In a cover story for Rolling Stone in 1993, Eddie Vedder tipped his hat to Andrew Wood saying:
“There’s one song of his that I’d be proud to sing. I won’t tell you which one. But there was one song of his that always got to me. Someday I’m going to sing it.”
In October of 2000, on Pearl Jam’s tenth anniversary of their first show, Eddie Vedder kept his word — Pearl Jam performed “Chloe Dancer/Crown of Thorns” for the first time.
CRITICS:
David Browne, upon the release of the album in 1990, wrote in the New York Times: “Despite the band’s tendency to skimp on songwriting, Apple may be one of the first great hard-rock records of the ’90s. ‘Stardog Champion’ and ‘Capricorn Sister’ pack an anthemic wallop, and just when the band starts sounding pedestrian, out comes a contemplative ballad, “Gentle Groove,” which reveals a surprising hint of delicacy.”

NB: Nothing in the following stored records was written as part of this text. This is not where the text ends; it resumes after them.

lemma (in prob_space) sums_prob_Int_level_sets:
  fixes K :: "'a \<Rightarrow> nat"
  assumes "K \<in> M \<rightarrow>\<^sub>M count_space UNIV" "E \<in> events"
  shows "(\<lambda>n. prob (E \<inter> {\<omega>\<in>space M. K \<omega> = n})) sums prob E"
proof -
  have "(\<lambda>n. prob (E \<inter> {\<omega>\<in>space M. K \<omega> = n})) sums prob (\<Union>n. E \<inter> {\<omega>\<in>space M. K \<omega> = n})"
    using assms by (intro finite_measure_UNION) (auto simp: disjoint_family_on_def)
  moreover have "(\<Union>n. E \<inter> {\<omega>\<in>space M. K \<omega> = n}) = E"
    using assms(2) sets.sets_into_space by auto
  ultimately show ?thesis by simp
qed

lemma (in prob_space) prob_geometric_mixture:
  fixes K :: "'a \<Rightarrow> nat" and p q :: real
  assumes K: "K \<in> M \<rightarrow>\<^sub>M count_space UNIV"
    and p: "0 < p" "p \<le> 1" and q: "0 \<le> q" "q \<le> 1"
    and geom: "\<And>n. n \<ge> 1 \<Longrightarrow> prob {\<omega>\<in>space M. K \<omega> = n} = p * (1 - p) ^ (n - 1)"
    and E: "E \<in> events"
    and E_level: "\<And>n. n \<ge> 1 \<Longrightarrow> prob (E \<inter> {\<omega>\<in>space M. K \<omega> = n}) = p * (1 - p) ^ (n - 1) * q ^ n"
  shows "prob E = mo_transform p q"
proof -
  txt \<open>The geometric masses already sum to 1, so the level set \<open>K = 0\<close> is null.\<close>
  have "(\<lambda>n. prob {\<omega>\<in>space M. K \<omega> = Suc n}) sums 1"
    using geometric_compound_sums[OF p, of 1] p geom by simp
  then have "(\<lambda>n. prob {\<omega>\<in>space M. K \<omega> = n}) sums (1 + prob {\<omega>\<in>space M. K \<omega> = 0})"
    using sums_Suc_iff[of "\<lambda>n. prob {\<omega>\<in>space M. K \<omega> = n}" 1] by simp
  moreover have "(\<lambda>n. prob {\<omega>\<in>space M. K \<omega> = n}) sums 1"
    using sums_prob_Int_level_sets[OF K sets.top] by (simp add: prob_space Int_absorb1)
  ultimately have "prob {\<omega>\<in>space M. K \<omega> = 0} = 0"
    using sums_unique2 by fastforce
  moreover have "prob (E \<inter> {\<omega>\<in>space M. K \<omega> = 0}) \<le> prob {\<omega>\<in>space M. K \<omega> = 0}"
    using K by (intro finite_measure_mono) auto
  ultimately have "prob (E \<inter> {\<omega>\<in>space M. K \<omega> = 0}) = 0"
    by (simp add: measure_le_0_iff)
  with sums_prob_Int_level_sets[OF K E]
  have "(\<lambda>n. prob (E \<inter> {\<omega>\<in>space M. K \<omega> = Suc n})) sums prob E"
    using sums_Suc_iff[of "\<lambda>n. prob (E \<inter> {\<omega>\<in>space M. K \<omega> = n})"] by simp
  moreover have "(\<lambda>n. prob (E \<inter> {\<omega>\<in>space M. K \<omega> = Suc n})) sums mo_transform p q"
    using geometric_compound_sums[OF p q] by (simp add: E_level)
  ultimately show ?thesis using sums_unique2 by blast
qed

lemma (in prob_space) prob_Min_greater_indep_vars:
  fixes X :: "'i \<Rightarrow> 'a \<Rightarrow> real"
  assumes indep: "indep_vars (\<lambda>_. borel) X I" and I: "finite I" "I \<noteq> {}"
  shows "prob {\<omega>\<in>space M. t < Min ((\<lambda>i. X i \<omega>) ` I)} = (\<Prod>i\<in>I. prob {\<omega>\<in>space M. t < X i \<omega>})"
proof -
  have "{\<omega>\<in>space M. t < Min ((\<lambda>i. X i \<omega>) ` I)} = (\<Inter>i\<in>I. X i -` {t<..} \<inter> space M)"
    using I by auto
  also have "prob \<dots> = (\<Prod>i\<in>I. prob (X i -` {t<..} \<inter> space M))"
    using indep I by (intro indep_varsD_finite) auto
  finally show ?thesis by (simp add: vimage_def Int_def conj_commute)
qed

locale geometric_block_model = prob_space +
  fixes theta :: nat and p :: real
    and N :: "nat \<Rightarrow> 'a \<Rightarrow> nat" and T :: "nat \<Rightarrow> nat \<Rightarrow> 'a \<Rightarrow> real" and S :: "real \<Rightarrow> real"
  assumes theta_pos: "theta \<ge> 1" and p_pos: "0 < p" and p_le_1: "p \<le> 1"
    and indep: "indep_vars (\<lambda>_. borel) (joint_family N T) (joint_index theta)"
    and geom: "\<And>i n. i < theta \<Longrightarrow> n \<ge> 1 \<Longrightarrow>
                 prob {\<omega> \<in> space M. N i \<omega> = n} = p * (1 - p) ^ (n - 1)"
    and surv: "\<And>i j t. i < theta \<Longrightarrow> j \<ge> 1 \<Longrightarrow> prob {\<omega> \<in> space M. T i j \<omega> > t} = S t"
begin

definition block :: "nat \<Rightarrow> (nat + nat \<times> nat) set" where
  "block i = insert (Inl i) (Inr ` ({i} \<times> {1..}))"

lemma joint_family_measurable: "k \<in> joint_index theta \<Longrightarrow> joint_family N T k \<in> borel_measurable M"
  using indep unfolding indep_vars_def by blast

lemma T_measurable: "i < theta \<Longrightarrow> j \<ge> 1 \<Longrightarrow> T i j \<in> borel_measurable M"
  using joint_family_measurable[of "Inr (i, j)"] by (simp add: joint_index_def joint_family_def)

lemma N_measurable: "i < theta \<Longrightarrow> N i \<in> M \<rightarrow>\<^sub>M count_space UNIV"
proof -
  assume "i < theta"
  then have "(\<lambda>\<omega>. real (N i \<omega>)) \<in> borel_measurable M"
    using joint_family_measurable[of "Inl i"] by (simp add: joint_index_def joint_family_def)
  then have "(\<lambda>\<omega>. nat \<lfloor>real (N i \<omega>)\<rfloor>) \<in> M \<rightarrow>\<^sub>M count_space UNIV"
    by measurable
  then show ?thesis by simp
qed

lemma survival_bounds: "0 \<le> S t" "S t \<le> 1"
  using surv[of 0 1 t, symmetric] theta_pos measure_nonneg prob_le_1 by auto

text \<open>The count \<open>N i\<close> enters the joint family as the real coordinate \<open>Inl i\<close>; \<open>nat \<lfloor>_\<rfloor>\<close> recovers it.\<close>

lemma measurable_block_aggregate:
  assumes "agg \<in> {Min, Max}"
  shows "(\<lambda>x. agg ((\<lambda>j. x (Inr (i, j))) ` {1..nat \<lfloor>x (Inl i)\<rfloor>}))
           \<in> borel_measurable (Pi\<^sub>M (block i) (\<lambda>_. borel :: real measure))"
    (is "_ \<in> borel_measurable ?P")
proof (rule measurable_compose_countable'[where I=UNIV and g="\<lambda>x. nat \<lfloor>x (Inl i)\<rfloor>"])
  fix n
  have "(\<lambda>x. x (Inr (i, j))) \<in> borel_measurable ?P" if "j \<in> {1..n}" for j
    using that by (intro measurable_component_singleton) (auto simp: block_def)
  then have "(\<lambda>x. Min ((\<lambda>j. x (Inr (i, j))) ` {1..n})) \<in> borel_measurable ?P"
    and "(\<lambda>x. Max ((\<lambda>j. x (Inr (i, j))) ` {1..n})) \<in> borel_measurable ?P"
    by (auto intro!: borel_measurable_Min borel_measurable_Max)
  then show "(\<lambda>x. agg ((\<lambda>j. x (Inr (i, j))) ` {1..n})) \<in> borel_measurable ?P"
    using assms by auto
next
  have "(\<lambda>x. x (Inl i)) \<in> borel_measurable ?P"
    by (intro measurable_component_singleton) (simp add: block_def)
  moreover have "(\<lambda>r::real. nat \<lfloor>r\<rfloor>) \<in> borel \<rightarrow>\<^sub>M count_space UNIV"
    by measurable
  ultimately show "(\<lambda>x. nat \<lfloor>x (Inl i)\<rfloor>) \<in> ?P \<rightarrow>\<^sub>M count_space UNIV"
    by (rule measurable_compose)
qed auto

lemma indep_block_aggregates:
  assumes "agg \<in> {Min, Max}"
  shows "indep_vars (\<lambda>_. borel) (\<lambda>i \<omega>. agg ((\<lambda>j. T i j \<omega>) ` {1..N i \<omega>})) {..<theta}"
proof -
  have "indep_vars (\<lambda>i. Pi\<^sub>M (block i) (\<lambda>_. borel))
          (\<lambda>i \<omega>. restrict (\<lambda>k. joint_family N T k \<omega>) (block i)) {..<theta}"
    by (rule indep_vars_restrict[OF indep])
       (auto simp: block_def joint_index_def disjoint_family_on_def)
  then have "indep_vars (\<lambda>_. borel)
      (\<lambda>i \<omega>. agg ((\<lambda>j. restrict (\<lambda>k. joint_family N T k \<omega>) (block i) (Inr (i, j))) `
                {1..nat \<lfloor>restrict (\<lambda>k. joint_family N T k \<omega>) (block i) (Inl i)\<rfloor>})) {..<theta}"
    by (rule indep_vars_compose2) (rule measurable_block_aggregate[OF assms])
  moreover have "agg ((\<lambda>j. restrict (\<lambda>k. joint_family N T k \<omega>) (block i) (Inr (i, j))) `
                  {1..nat \<lfloor>restrict (\<lambda>k. joint_family N T k \<omega>) (block i) (Inl i)\<rfloor>})
      = agg ((\<lambda>j. T i j \<omega>) ` {1..N i \<omega>})" for i \<omega>
    by (auto simp: block_def joint_family_def intro!: arg_cong[where f=agg] image_cong)
  ultimately show ?thesis by simp
qed

lemma borel_measurable_block_aggregate:
  "agg \<in> {Min, Max} \<Longrightarrow> i < theta \<Longrightarrow>
    (\<lambda>\<omega>. agg ((\<lambda>j. T i j \<omega>) ` {1..N i \<omega>})) \<in> borel_measurable M"
  using indep_block_aggregates unfolding indep_vars_def by blast

lemma prob_all_in_block:
  assumes i: "i < theta" and B: "B \<in> sets borel"
    and q: "\<And>j. j \<ge> 1 \<Longrightarrow> prob (T i j -` B \<inter> space M) = q"
    and E: "E \<in> events"
    and E_level: "\<And>n. n \<ge> 1 \<Longrightarrow>
      E \<inter> {\<omega>\<in>space M. N i \<omega> = n} = {\<omega>\<in>space M. N i \<omega> = n \<and> (\<forall>j\<in>{1..n}. T i j \<omega> \<in> B)}"
  shows "prob E = mo_transform p q"
proof (rule prob_geometric_mixture[OF N_measurable[OF i] p_pos p_le_1 _ _ geom[OF i] E])
  show "0 \<le> q" "q \<le> 1"
    using q[of 1] by auto
  fix n :: nat assume n: "n \<ge> 1"
  let ?J = "insert (Inl i) ((\<lambda>j. Inr (i, j)) ` {1..n})"
  let ?A = "\<lambda>k. case k of Inl _ \<Rightarrow> {real n} | Inr _ \<Rightarrow> B"
  have "prob (\<Inter>k\<in>?J. joint_family N T k -` ?A k \<inter> space M)
      = (\<Prod>k\<in>?J. prob (joint_family N T k -` ?A k \<inter> space M))"
    using i B by (intro indep_varsD[OF indep]) (auto simp: joint_index_def)
  moreover have "(\<Inter>k\<in>?J. joint_family N T k -` ?A k \<inter> space M) = E \<inter> {\<omega>\<in>space M. N i \<omega> = n}"
    using E_level[OF n] by (auto simp: joint_family_def)
  moreover have "(\<Prod>k\<in>?J. prob (joint_family N T k -` ?A k \<inter> space M))
      = prob {\<omega>\<in>space M. N i \<omega> = n} * q ^ n"
    using q by (subst prod.insert) (auto simp: prod.reindex inj_on_def joint_family_def vimage_def Int_def conj_commute)
  ultimately show "prob (E \<inter> {\<omega>\<in>space M. N i \<omega> = n}) = p * (1 - p) ^ (n - 1) * q ^ n"
    using geom[OF i n] by simp
qed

In Rolling Stone, Kim Neely said: “Seattle’s Mother Love Bone — deals in the sort of rumbling mysticism that can be traced back to Zeppelin. Apple, Mother Love Bone’s debut album, succeeds where countless other hard-rock albums have failed, capturing the essence of what made Zep immortal — dynamics, kids! — and giving it a unique Nineties spin. Apple is nothing short of a masterpiece.”
It’s challenging not to look at Mother Love Bone through the lens that came after Wood’s death and the band’s collapse. It’s impossible, really, because two of its members would go on to form one of the biggest rock bands of the era.
Stone Gossard and Jeff Ament formed Pearl Jam.
Either directly or indirectly, the children of Mother Love Bone would go on to change the face of music, quite literally, forever. It’s a shame that Andrew Wood couldn’t stick around long enough to see what he had helped create.
In the documentary Malfunkshun: the Life of Andrew Wood, he states emphatically the goal he had for Mother Love Bone — he wanted to be a rock star.
Apple is proof positive that Andrew Wood was a rock star.
Impossible to speculate what would be different had he lived, but I think Mother Love Bone would’ve been playing arenas worldwide if he had.